Dan apparently wants to do some data analysis on our company’s sales figures. (We do B2B fasteners: nuts, bolts, screws, tape, adhesives, zip ties, etc.) He has a copy of all the sales data for 2015 (2016 is not complete yet) in Excel format -- about 50,000 lines of it, according to him. He has watched some YouTube videos about setting up ‘dictionaries’ to manipulate the data, but he’s running into some inherent constraints for that method.

What he would like to be able to do is query/filter the data so that, for instance, he can generate a list of all the customers who have made purchases of $5 or less, then maybe find out how many of those size purchases each of those customers made, and so forth. He wants to be able to really drill down on this data.

We have a real mix of sales. Some customers might only spend a couple hundred dollars per year, while we have others that regularly buy thousands of dollars of stuff per month.

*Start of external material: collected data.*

lemma diagonal_relations:
  "i \<in> {1..n} \<Longrightarrow>
     Y i (X i v) = scaleC (Q\<^sup>2) (X i (Y i v))
        + scaleC (Q\<^sup>2 - 1) (\<Sum>k\<in>{1..<i}. scaleC (Q ^ (i - k)) (X k (Y k v))) \<and>
     X i (Xs i v) = Xs i (X i v) + scaleC (1 - Q\<^sup>2) (\<Sum>k\<in>{1..<i}. Xs k (X k v)) \<and>
     X i (Ys i v) = scaleC (Q\<^sup>2) (Ys i (X i v))"
  using rep unfolding sigma_rep_def sphere_rep_def Let_def by blast

lemma sphere_relation: "(\<Sum>i\<in>{1..n}. Xs i (X i v) + Ys i (Y i v)) = v"
  using rep unfolding sigma_rep_def sphere_rep_def Let_def by blast

lemma n_mem: "n \<in> {1..n}"
  using n_ge_1 by simp

lemma X_vanish: "1 \<le> k \<Longrightarrow> k < n \<Longrightarrow> X k v = 0"
  using rep unfolding sigma_rep_def by auto

lemma Xs_vanish: "1 \<le> k \<Longrightarrow> k < n \<Longrightarrow> Xs k v = 0"
  using adjoint_of_zero[of "X k" "Xs k"] generators_bounded_adjoint[of k] X_vanish by auto

lemma bounded_X_n: "bounded_op scaleC cinner (X n)"
  using generators_bounded_adjoint[OF n_mem] by blast

lemma adjoint_X_n: "is_adjoint cinner (X n) (Xs n)"
  using generators_bounded_adjoint[OF n_mem] by blast

lemma X_n_diff: "X n (x - y) = X n x - X n y"
  using adjoint_diff[OF is_adjoint_sym[OF adjoint_X_n]] .

lemma X_n_zero: "X n 0 = 0"
  using X_n_diff[of 0 0] by simp

lemma Y_zero: "j \<in> {1..n} \<Longrightarrow> Y j 0 = 0"
  using adjoint_zero[OF is_adjoint_sym] generators_bounded_adjoint by blast

lemma Ys_zero: "j \<in> {1..n} \<Longrightarrow> Ys j 0 = 0"
  using adjoint_zero generators_bounded_adjoint by blast

lemma X_n_normal: "X n (Xs n v) = Xs n (X n v)"
proof -
  have "(\<Sum>k\<in>{1..<n}. Xs k (X k v)) = 0"
    by (intro sum.neutral) (auto simp: Xs_vanish)
  then show ?thesis
    using diagonal_relations[OF n_mem, of v] by simp
qed

lemma Y_n_X_n_commute: "Y n (X n v) = scaleC (Q\<^sup>2) (X n (Y n v))"
proof -
  have "(\<Sum>k\<in>{1..<n}. scaleC (Q ^ (n - k)) (X k (Y k v))) = 0"
    by (intro sum.neutral) (auto simp: X_vanish)
  then show ?thesis
    using diagonal_relations[OF n_mem, of v] by simp
qed

lemma Y_X_n_commute:
  assumes "1 \<le> j" "j < n"
  shows "Y j (X n v) = scaleC Q (X n (Y j v))"
proof -
  have "X n (Y j v) = scaleC (inverse Q) (Y j (X n v))"
    using offdiagonal_relations[OF n_mem, of j v] assms by auto
  then show ?thesis
    using q_pos by (simp add: scaleC_scaleC scaleC_one)
qed

lemma X_n_kernel_invariant:
  assumes i: "i \<in> {1..n}" and v: "X n v = 0"
  shows "X n (X i v) = 0 \<and> X n (Xs i v) = 0 \<and> X n (Y i v) = 0 \<and> X n (Ys i v) = 0"
proof (intro conjI)
  show "X n (X i v) = 0"
    using i v X_vanish[of i v] X_n_zero by (cases "i = n") auto
  show "X n (Xs i v) = 0"
    using i v X_n_normal[of v] Xs_vanish[of i v] X_n_zero adjoint_zero[OF adjoint_X_n]
    by (cases "i = n") auto
  show "X n (Y i v) = 0"
  proof (cases "i = n")
    case True
    then show ?thesis
      using Y_n_X_n_commute[of v] v Y_zero[OF n_mem] q_pos by (simp add: scaleC_eq_0_iff)
  next
    case False
    then show ?thesis
      using offdiagonal_relations[OF n_mem i, of v] v Y_zero[OF i] by simp
  qed
  show "X n (Ys i v) = 0"
  proof (cases "i = n")
    case True
    then show ?thesis
      using diagonal_relations[OF n_mem, of v] v Ys_zero[OF n_mem] by simp
  next
    case False
    then show ?thesis
      using offdiagonal_relations[OF n_mem i, of v] i v Ys_zero X_vanish[of i v] n_mem by auto
  qed
qed

lemma X_n_injective:
  assumes irreducible: "irreducible_rep scaleC cinner n X Xs Y Ys"
    and nonzero: "X n \<noteq> (\<lambda>v. 0)"
  shows "inj (X n)"
proof -
  have "{v. X n v = 0} = {0} \<or> {v. X n v = 0} = UNIV"
    using irreducible kernel_closed_subspace[OF bounded_X_n] X_n_kernel_invariant
    unfolding irreducible_rep_def by blast
  moreover have "{v. X n v = 0} \<noteq> UNIV"
    using nonzero by auto
  ultimately have "X n v = 0 \<Longrightarrow> v = 0" for v
    by blast
  then show ?thesis
    by (metis injI X_n_diff right_minus_eq)
qed

definition defect :: "'h \<Rightarrow> real" where
  "defect v = (\<Sum>j\<in>{1..n}. sqnorm (Y j v))"

lemma defect_nonneg: "0 \<le> defect v"
  unfolding defect_def by (simp add: sum_nonneg sqnorm_nonneg)

lemma sqnorm_X_n_add_defect: "sqnorm (X n v) + defect v = sqnorm v"
proof -
  have "cinner v v = (\<Sum>i\<in>{1..n}. cinner v (Xs i (X i v)) + cinner v (Ys i (Y i v)))"
    by (subst (2) sphere_relation[symmetric]) (simp add: cinner_sum_right cinner_add_right)
  also have "\<dots> = (\<Sum>i\<in>{1..n}. complex_of_real (sqnorm (X i v) + sqnorm (Y i v)))"
    by (intro sum.cong refl) (simp add: sqnorm_eq_cinner_adjoint generators_bounded_adjoint)
  finally have "sqnorm v = (\<Sum>i\<in>{1..n}. sqnorm (X i v)) + defect v"
    by (simp add: sqnorm_def sum.distrib defect_def)
  moreover have "(\<Sum>i\<in>{1..n}. sqnorm (X i v)) = sqnorm (X n v)"
  proof -
    have "{1..n} = insert n {1..<n}"
      using n_ge_1 by auto
    moreover have "(\<Sum>i\<in>{1..<n}. sqnorm (X i v)) = 0"
      by (intro sum.neutral) (auto simp: X_vanish sqnorm_def)
    ultimately show ?thesis by simp
  qed
  ultimately show ?thesis by simp
qed

lemma sqnorm_X_n_le: "sqnorm (X n v) \<le> sqnorm v"
  using sqnorm_X_n_add_defect[of v] defect_nonneg[of v] by linarith

lemma normal_contraction_X_n: "normal_contraction scaleC cinner (X n) (Xs n)"
  by unfold_locales (simp_all add: adjoint_X_n X_n_normal sqnorm_X_n_le)

lemma defect_X_n_le:
  assumes "0 \<le> M" and bound: "\<And>x. sqnorm (X n x) \<le> M * sqnorm x"
  shows "defect (X n v) \<le> q\<^sup>2 * M * defect v"
proof -
  have "sqnorm (Y j (X n v)) \<le> q\<^sup>2 * M * sqnorm (Y j v)" if j: "j \<in> {1..n}" for j
  proof (cases "j = n")
    case True
    have "sqnorm (Y j (X n v)) = q\<^sup>2 * q\<^sup>2 * sqnorm (X n (Y j v))"
      using Y_n_X_n_commute[of v] True q_pos by (simp add: sqnorm_scaleC norm_power power_mult_distrib)
    also have "\<dots> \<le> 1 * q\<^sup>2 * (M * sqnorm (Y j v))"
      using bound[of "Y j v"] q_pos q_less_1 assms(1)
      by (intro mult_mono) (auto simp: power_le_one sqnorm_nonneg)
    finally show ?thesis by simp
  next
    case False
    then have "sqnorm (Y j (X n v)) = q\<^sup>2 * sqnorm (X n (Y j v))"
      using Y_X_n_commute[of j v] j q_pos by (simp add: sqnorm_scaleC)
    also have "\<dots> \<le> q\<^sup>2 * (M * sqnorm (Y j v))"
      using bound by (intro mult_left_mono) auto
    finally show ?thesis by simp
  qed
  then show ?thesis
    unfolding defect_def sum_distrib_left by (intro sum_mono) blast
qed

lemma sq_q_bounds: "0 < q\<^sup>2" "q\<^sup>2 < 1"
  using q_pos q_less_1 by (auto simp: power_less_one_iff)

lemma sq_q_less: "q\<^sup>2 < 1 - q\<^sup>2 + q ^ 4"
proof -
  have "0 < (1 - q\<^sup>2)\<^sup>2"
    using sq_q_bounds by simp
  then show ?thesis
    by (simp add: power2_eq_square power4_eq_xxxx algebra_simps)
qed

text \<open>The factor comes from \<open>|Z x|\<^sup>2 = |Z\<^sup>2 x|\<^sup>2 + D (Z x) \<le> M |Z x|\<^sup>2 + q\<^sup>2 M (|x|\<^sup>2 - |Z x|\<^sup>2)\<close>
together with \<open>1 - M + q\<^sup>2 M \<ge> 1 - q\<^sup>2 + q\<^sup>4\<close>.\<close>

lemma X_n_bound_improve:
  assumes M: "0 \<le> M" "M \<le> q\<^sup>2" and bound: "\<And>x. sqnorm (X n x) \<le> M * sqnorm x"
  shows "sqnorm (X n x) \<le> q\<^sup>2 / (1 - q\<^sup>2 + q ^ 4) * M * sqnorm x"
proof -
  define d where "d = 1 - q\<^sup>2 + q ^ 4"
  have d: "0 < d"
    using sq_q_less sq_q_bounds unfolding d_def by linarith
  have "sqnorm (X n x) = sqnorm (X n (X n x)) + defect (X n x)"
    using sqnorm_X_n_add_defect[of "X n x"] by simp
  also have "\<dots> \<le> M * sqnorm (X n x) + q\<^sup>2 * M * defect x"
    using bound defect_X_n_le[OF M(1) bound] by (rule add_mono)
  also have "defect x = sqnorm x - sqnorm (X n x)"
    using sqnorm_X_n_add_defect[of x] by simp
  finally have "sqnorm (X n x) * (1 - M + q\<^sup>2 * M) \<le> q\<^sup>2 * M * sqnorm x"
    by (simp add: algebra_simps)
  moreover have "sqnorm (X n x) * d \<le> sqnorm (X n x) * (1 - M + q\<^sup>2 * M)"
  proof (rule mult_left_mono[OF _ sqnorm_nonneg])
    have "M * (1 - q\<^sup>2) \<le> q\<^sup>2 * (1 - q\<^sup>2)"
      using M q_less_1 q_pos by (intro mult_right_mono) (auto simp: power_le_one)
    then show "d \<le> 1 - M + q\<^sup>2 * M"
      unfolding d_def by (simp add: algebra_simps power2_eq_square power4_eq_xxxx)
  qed
  ultimately have "sqnorm (X n x) * d \<le> q\<^sup>2 * M * sqnorm x"
    by linarith
  then show ?thesis
    using d unfolding d_def[symmetric] by (simp add: field_simps)
qed

lemma exists_sqnorm_X_n_gt:
  assumes nonzero: "X n \<noteq> (\<lambda>v. 0)"
  shows "\<exists>v. q\<^sup>2 * sqnorm v < sqnorm (X n v)"
proof (rule ccontr)
  assume "\<nexists>v. q\<^sup>2 * sqnorm v < sqnorm (X n v)"
  then have base: "sqnorm (X n x) \<le> q\<^sup>2 * sqnorm x" for x
    by (simp add: not_less)
  define r where "r = q\<^sup>2 / (1 - q\<^sup>2 + q ^ 4)"
  have "0 < 1 - q\<^sup>2 + q ^ 4"
    using sq_q_less sq_q_bounds by linarith
  then have r: "0 \<le> r" "r < 1"
    using sq_q_less unfolding r_def by auto
  have iterated: "sqnorm (X n x) \<le> q\<^sup>2 * r ^ k * sqnorm x" for k x
  proof (induction k arbitrary: x)
    case 0
    then show ?case using base by simp
  next
    case (Suc k)
    have "q\<^sup>2 * r ^ k \<le> q\<^sup>2"
      using r by (simp add: power_le_one mult_left_le)
    then show ?case
      using X_n_bound_improve[of "q\<^sup>2 * r ^ k", OF _ _ Suc.IH] r
      unfolding r_def[symmetric] by (simp add: mult_ac)
  qed
  have "X n x = 0" for x
  proof -
    have "(\<lambda>k. q\<^sup>2 * r ^ k * sqnorm x) \<longlonglongrightarrow> q\<^sup>2 * 0 * sqnorm x"
      using r by (intro tendsto_intros LIMSEQ_power_zero) auto
    then have "sqnorm (X n x) \<le> 0"
      using iterated by (intro tendsto_lowerbound[of "\<lambda>k. q\<^sup>2 * r ^ k * sqnorm x"]) auto
    then show ?thesis
      by (simp add: sqnorm_le_0_iff)
  qed
  then show False
    using nonzero by auto
qed

lemma sqnorm_X_n_funpow_ge: "sqnorm v - defect v / (1 - q\<^sup>2) \<le> sqnorm ((X n ^^ m) v)"
proof -
  have defect_funpow: "defect ((X n ^^ k) v) \<le> (q\<^sup>2) ^ k * defect v" for k
  proof (induction k)
    case (Suc k)
    have "defect ((X n ^^ Suc k) v) \<le> q\<^sup>2 * 1 * defect ((X n ^^ k) v)"
      using defect_X_n_le[of 1] sqnorm_X_n_le by simp
    also have "\<dots> \<le> q\<^sup>2 * ((q\<^sup>2) ^ k * defect v)"
      using Suc sq_q_bounds by simp
    finally show ?case by simp
  qed simp
  have partial: "sqnorm v - defect v * (1 - (q\<^sup>2) ^ k) / (1 - q\<^sup>2) \<le> sqnorm ((X n ^^ k) v)" for k
  proof (induction k)
    case (Suc k)
    have "sqnorm v - defect v * (1 - (q\<^sup>2) ^ Suc k) / (1 - q\<^sup>2)
        = sqnorm v - defect v * (1 - (q\<^sup>2) ^ k) / (1 - q\<^sup>2) - (q\<^sup>2) ^ k * defect v"
      using sq_q_bounds by (simp add: field_simps)
    also have "\<dots> \<le> sqnorm ((X n ^^ k) v) - defect ((X n ^^ k) v)"
      using Suc defect_funpow[of k] by linarith
    also have "\<dots> = sqnorm ((X n ^^ Suc k) v)"
      using sqnorm_X_n_add_defect[of "(X n ^^ k) v"] by simp
    finally show ?case .
  qed simp
  have "defect v * (1 - (q\<^sup>2) ^ m) / (1 - q\<^sup>2) \<le> defect v / (1 - q\<^sup>2)"
    using sq_q_bounds defect_nonneg[of v] by (simp add: divide_right_mono mult_left_le)
  with partial[of m] show ?thesis
    by linarith
qed

lemma exists_Y_kernel_vector:
  assumes nonzero: "X n \<noteq> (\<lambda>v. 0)"
  shows "\<exists>\<xi>. \<xi> \<noteq> 0 \<and> (\<forall>i\<in>{1..n}. Y i \<xi> = 0)"
proof -
  obtain v where v: "q\<^sup>2 * sqnorm v < sqnorm (X n v)"
    using exists_sqnorm_X_n_gt[OF nonzero] by blast
  have "0 < sqnorm v - defect v / (1 - q\<^sup>2)"
  proof -
    have "defect v < (1 - q\<^sup>2) * sqnorm v"
      using v sqnorm_X_n_add_defect[of v] by (simp add: algebra_simps)
    moreover have "0 < 1 - q\<^sup>2"
      using sq_q_bounds by simp
    ultimately show ?thesis
      by (simp add: pos_divide_less_eq mult.commute)
  qed
  then obtain w where "w \<noteq> 0" and "sqnorm (X n w) = sqnorm w"
    using normal_contraction.exists_isometric_vector[OF normal_contraction_X_n _ sqnorm_X_n_funpow_ge]
    by blast
  moreover from this have "defect w = 0"
    using sqnorm_X_n_add_defect[of w] by simp
  then have "Y i w = 0" if "i \<in> {1..n}" for i
    using that sqnorm_nonneg sqnorm_eq_0_iff
    unfolding defect_def by (simp add: sum_nonneg_eq_0_iff)
  ultimately show ?thesis
    by blast
qed

end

Also, the data he has is for our location only -- we have two satellite locations in our division, plus there are two other divisions, so he wants the solution to be scalable so that it will work for both the individual locations and the whole company.

I told him I thought he would probably be better off using a relational database, maybe something like Access since our company runs Windows. (My work computer is still using Windows XP, and his is either using XP or possibly 7.) Dan says that if he needs to, he is happy to learn a new package or method for extracting the info he wants. Whatever he’s doing, he’s keeping it on the downlow until he can complete his analysis.

So, does anyone have a suggestion for a product or method that will allow Dan to export sales data from Excel, manipulate it, drill down on it, and is scalable for the entire company?

(I may not have explained this very well, so feel free to ask for clarification.)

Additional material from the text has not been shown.